Data showing U.S. private employers added 166,000 jobs in September, lower than forecasts of 180,000 jobs, added to investor jitters. The report has taken on added significance this week as the government shutdown means Friday's nonfarm payrolls report from the Labor Department may be delayed.

"If the numbers had come up really, really strong, perhaps people would overlook the problems in Washington. But with the numbers coming in slightly below expectations, it renews concern that the recovery could start to peter out," said Rick Meckler, president of hedge fund LibertyView Capital Management LLC.

MSCI (NYSE: MSCI - news) 's world equity index, which tracks shares in 45 countries, fell 0.6 percent to 382.32 after gaining 0.7 percent in the previous session.

The Dow Jones industrial average dropped 131.10 points, or 0.86 percent, at 15,060.60. The Standard & Poor's 500 Index was down 12.54 points, or 0.74 percent, at 1,682.46. The Nasdaq Composite Index was down 18.08 points, or 0.47 percent, at 3,799.90.

The dollar extended its losses from the previous day on expectations the shutdown will further delay the Federal Reserve's plans to scale back its asset-purchase program.

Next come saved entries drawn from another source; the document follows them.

lemma has_pure_second_partials_on_minus:
  assumes "has_pure_second_partials_on S f fx fxx fy fyy"
  shows "has_pure_second_partials_on S (\<lambda>p. - f p) (\<lambda>p. - fx p) (\<lambda>p. - fxx p)
           (\<lambda>p. - fy p) (\<lambda>p. - fyy p)"
  using assms by (auto simp: has_pure_second_partials_on_def intro: DERIV_minus)

definition barrier_perturbation ::
    "real \<Rightarrow> real \<Rightarrow> (real \<times> real \<Rightarrow> real) \<Rightarrow> real \<times> real \<Rightarrow> real" where
  "barrier_perturbation \<epsilon> \<delta> f p = f p - \<epsilon> / (fst p)\<^sup>2 + \<delta> * (snd p)\<^sup>2"

lemma has_pure_second_partials_on_barrier_perturbation:
  assumes "has_pure_second_partials_on S f fx fxx fy fyy" and "S \<subseteq> {p. fst p > 0}"
  shows "has_pure_second_partials_on S (barrier_perturbation \<epsilon> \<delta> f)
           (\<lambda>p. fx p + 2 * \<epsilon> / (fst p) ^ 3) (\<lambda>p. fxx p - 6 * \<epsilon> / (fst p) ^ 4)
           (\<lambda>p. fy p + 2 * \<delta> * snd p) (\<lambda>p. fyy p + 2 * \<delta>)"
  unfolding has_pure_second_partials_on_def barrier_perturbation_def prod.sel
proof (intro ballI conjI)
  fix p assume "p \<in> S"
  then have "fst p \<noteq> 0" using assms(2) by force
  note f = assms(1)[unfolded has_pure_second_partials_on_def, rule_format, OF \<open>p \<in> S\<close>]
  show "((\<lambda>t. f (t, snd p) - \<epsilon> / t\<^sup>2 + \<delta> * (snd p)\<^sup>2)
          has_real_derivative fx p + 2 * \<epsilon> / (fst p) ^ 3) (at (fst p))"
    using f \<open>fst p \<noteq> 0\<close>
    by (auto intro!: derivative_eq_intros simp: field_simps power2_eq_square power3_eq_cube)
  show "((\<lambda>t. fx (t, snd p) + 2 * \<epsilon> / t ^ 3)
          has_real_derivative fxx p - 6 * \<epsilon> / (fst p) ^ 4) (at (fst p))"
    using f \<open>fst p \<noteq> 0\<close> by (auto intro!: derivative_eq_intros simp: field_simps eval_nat_numeral)
  show "((\<lambda>s. f (fst p, s) - \<epsilon> / (fst p)\<^sup>2 + \<delta> * s\<^sup>2)
          has_real_derivative fy p + 2 * \<delta> * snd p) (at (snd p))"
    using f by (auto intro!: derivative_eq_intros simp: field_simps power2_eq_square)
  show "((\<lambda>s. fy (fst p, s) + 2 * \<delta> * s)
          has_real_derivative fyy p + 2 * \<delta>) (at (snd p))"
    using f by (auto intro!: derivative_eq_intros)
qed

lemma local_max_pure_second_partials:
  assumes "has_pure_second_partials_on (ball q r) w wx wxx wy wyy" and "r > 0"
    and max: "\<forall>p\<in>ball q r. w p \<le> w q"
  shows "wx q = 0 \<and> wxx q \<le> 0 \<and> wyy q \<le> 0"
proof -
  obtain a b where q: "q = (a, b)" by force
  have horiz: "(t, b) \<in> ball q r" if "t \<in> ball a r" for t
    using that by (simp add: q dist_Pair_Pair dist_real_def)
  have vert: "(a, s) \<in> ball q r" if "s \<in> ball b r" for s
    using that by (simp add: q dist_Pair_Pair dist_real_def)
  note w = assms(1)[unfolded has_pure_second_partials_on_def, rule_format]
  have "wx q = 0 \<and> wxx q \<le> 0"
    using DERIV_local_max_second[of r a "\<lambda>t. w (t, b)" "\<lambda>t. wx (t, b)" "wxx q"]
      w[OF horiz] w[of q] max horiz \<open>r > 0\<close> by (auto simp: q)
  moreover have "wyy q \<le> 0"
    using DERIV_local_max_second[of r b "\<lambda>s. w (a, s)" "\<lambda>s. wy (a, s)" "wyy q"]
      w[OF vert] w[of q] max vert \<open>r > 0\<close> by (auto simp: q)
  ultimately show ?thesis by simp
qed

lemma barrier_perturbation_no_local_max:
  assumes partials: "has_pure_second_partials_on S f fx fxx fy fyy"
    and pos: "S \<subseteq> {p. fst p > 0}"
    and pde: "\<forall>p\<in>S. fxx p + fyy p + 3 / fst p * fx p = 0"
    and "\<delta> > 0" and "r > 0" and "ball q r \<subseteq> S"
    and max: "\<forall>p\<in>ball q r. barrier_perturbation \<epsilon> \<delta> f p \<le> barrier_perturbation \<epsilon> \<delta> f q"
  shows False
proof -
  have "has_pure_second_partials_on (ball q r) (barrier_perturbation \<epsilon> \<delta> f)
           (\<lambda>p. fx p + 2 * \<epsilon> / (fst p) ^ 3) (\<lambda>p. fxx p - 6 * \<epsilon> / (fst p) ^ 4)
           (\<lambda>p. fy p + 2 * \<delta> * snd p) (\<lambda>p. fyy p + 2 * \<delta>)"
    using has_pure_second_partials_on_barrier_perturbation[OF partials pos] \<open>ball q r \<subseteq> S\<close>
    by (auto simp: has_pure_second_partials_on_def)
  from local_max_pure_second_partials[OF this \<open>r > 0\<close> max]
  have fx: "fx q = - 2 * \<epsilon> / (fst q) ^ 3" and "fxx q - 6 * \<epsilon> / (fst q) ^ 4 \<le> 0"
    and "fyy q + 2 * \<delta> \<le> 0" by auto
  moreover have "q \<in> S" using \<open>ball q r \<subseteq> S\<close> \<open>r > 0\<close> by auto
  then have "fst q > 0" using pos by auto
  then have "3 / fst q * fx q = - 6 * \<epsilon> / (fst q) ^ 4"
    unfolding fx by (simp add: field_simps eval_nat_numeral)
  moreover have "fxx q + fyy q + 3 / fst q * fx q = 0" using pde \<open>q \<in> S\<close> by blast
  ultimately show False using \<open>\<delta> > 0\<close> by linarith
qed

lemma barrier_perturbation_max_on_truncated_boundary:
  fixes \<Omega> :: "(real \<times> real) set"
  assumes "open \<Omega>" and "bounded \<Omega>" and pos: "\<Omega> \<subseteq> {p. fst p > 0}"
    and cont: "continuous_on (closure \<Omega> - {p. fst p = 0}) f"
    and partials: "has_pure_second_partials_on \<Omega> f fx fxx fy fyy"
    and pde: "\<forall>p\<in>\<Omega>. fxx p + fyy p + 3 / fst p * fx p = 0"
    and "\<delta> > 0" and "\<eta> > 0" and "p0 \<in> \<Omega>" and "fst p0 \<ge> \<eta>"
  obtains q where "q \<in> closure \<Omega>" and "fst q \<ge> \<eta>" and "q \<notin> \<Omega> \<or> fst q = \<eta>"
    and "barrier_perturbation \<epsilon> \<delta> f p0 \<le> barrier_perturbation \<epsilon> \<delta> f q"
proof -
  define w where "w = barrier_perturbation \<epsilon> \<delta> f"
  define K where "K = closure \<Omega> \<inter> {p. fst p \<ge> \<eta>}"
  have "compact K"
    unfolding K_def using \<open>bounded \<Omega>\<close>
    by (intro compact_Int_closed closed_Collect_le continuous_intros) (simp add: compact_closure)
  moreover have "continuous_on K w"
    unfolding w_def barrier_perturbation_def using \<open>\<eta> > 0\<close>
    by (intro continuous_intros continuous_on_subset[OF cont]) (auto simp: K_def)
  moreover have "p0 \<in> K"
    using \<open>p0 \<in> \<Omega>\<close> \<open>fst p0 \<ge> \<eta>\<close> closure_subset by (auto simp: K_def)
  ultimately obtain q where "q \<in> K" and q_max: "\<forall>p\<in>K. w p \<le> w q"
    using continuous_attains_sup by blast
  have "q \<notin> \<Omega> \<or> fst q = \<eta>"
  proof (rule ccontr)
    assume "\<not> (q \<notin> \<Omega> \<or> fst q = \<eta>)"
    then have "q \<in> \<Omega> \<inter> {p. fst p > \<eta>}" using \<open>q \<in> K\<close> by (auto simp: K_def)
    moreover have "open (\<Omega> \<inter> {p. fst p > \<eta>})"
      using \<open>open \<Omega>\<close> by (intro open_Int open_Collect_less continuous_intros)
    ultimately obtain r where "r > 0" and r: "ball q r \<subseteq> \<Omega> \<inter> {p. fst p > \<eta>}"
      by (force simp: open_contains_ball)
    then have "ball q r \<subseteq> K" using closure_subset by (force simp: K_def)
    then have "\<forall>p\<in>ball q r. w p \<le> w q" using q_max by blast
    then show False
      using barrier_perturbation_no_local_max[OF partials pos pde \<open>\<delta> > 0\<close> \<open>r > 0\<close>] r
      unfolding w_def by blast
  qed
  moreover have "q \<in> closure \<Omega>" "fst q \<ge> \<eta>" using \<open>q \<in> K\<close> by (auto simp: K_def)
  moreover have "w p0 \<le> w q" using q_max \<open>p0 \<in> K\<close> by blast
  ultimately show thesis using that unfolding w_def by blast
qed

The dollar index, which tracks the greenback against a basket of six major currencies, fell as low as 79.781, its lowest since February.

Safe-haven U.S. government debt rose. The benchmark 10-year U.S. Treasury note was up 14/32, the yield at 2.599 percent.

The cost of insuring U.S. government bonds against default for the next year also rose, gaining five basis points to raise the cost of protecting $10 million of debt to $35,000 - the highest since Aug. 31 and above the rate for 5-year insurance.

Usually it costs more to buy longer-term default insurance so the current level is considered a classic sign of credit stress, reflecting the concerns over whether the United States will be able to raise the debt limit in coming weeks.

The euro rose 0.4 percent to $1.3582, after having hit $1.3606, its highest since February. The European Central Bank left interest rates unchanged, holding off any fresh policy action for now while it waits to see whether a fragile euro zone recovery strengthens.

A confidence vote for Italian Prime Minister Enrico Letta's government, ending fears that the euro zone's third-largest economy would be forced into fresh elections, added to the currency's appeal.

Italian shares and bonds both rose as it become clear former Prime Minister Silvio Berlusconi would drop his attempts to bring down the government, sending Milan's FTSE MIB (Milan: FTSEMIB.MI - news) share index up as much as 1.8 percent

Gold rose after a 3 percent fall in the previous session to a two-month low as the dollar weakened. Spot gold last traded at $1,312 an ounce, up from previous day's $1,285 an ounce.

Brent crude for November (Xetra: A0Z24E - news) rose 16 cents to $108.10 a barrel. U.S. crude traded around $103, up 96 cents.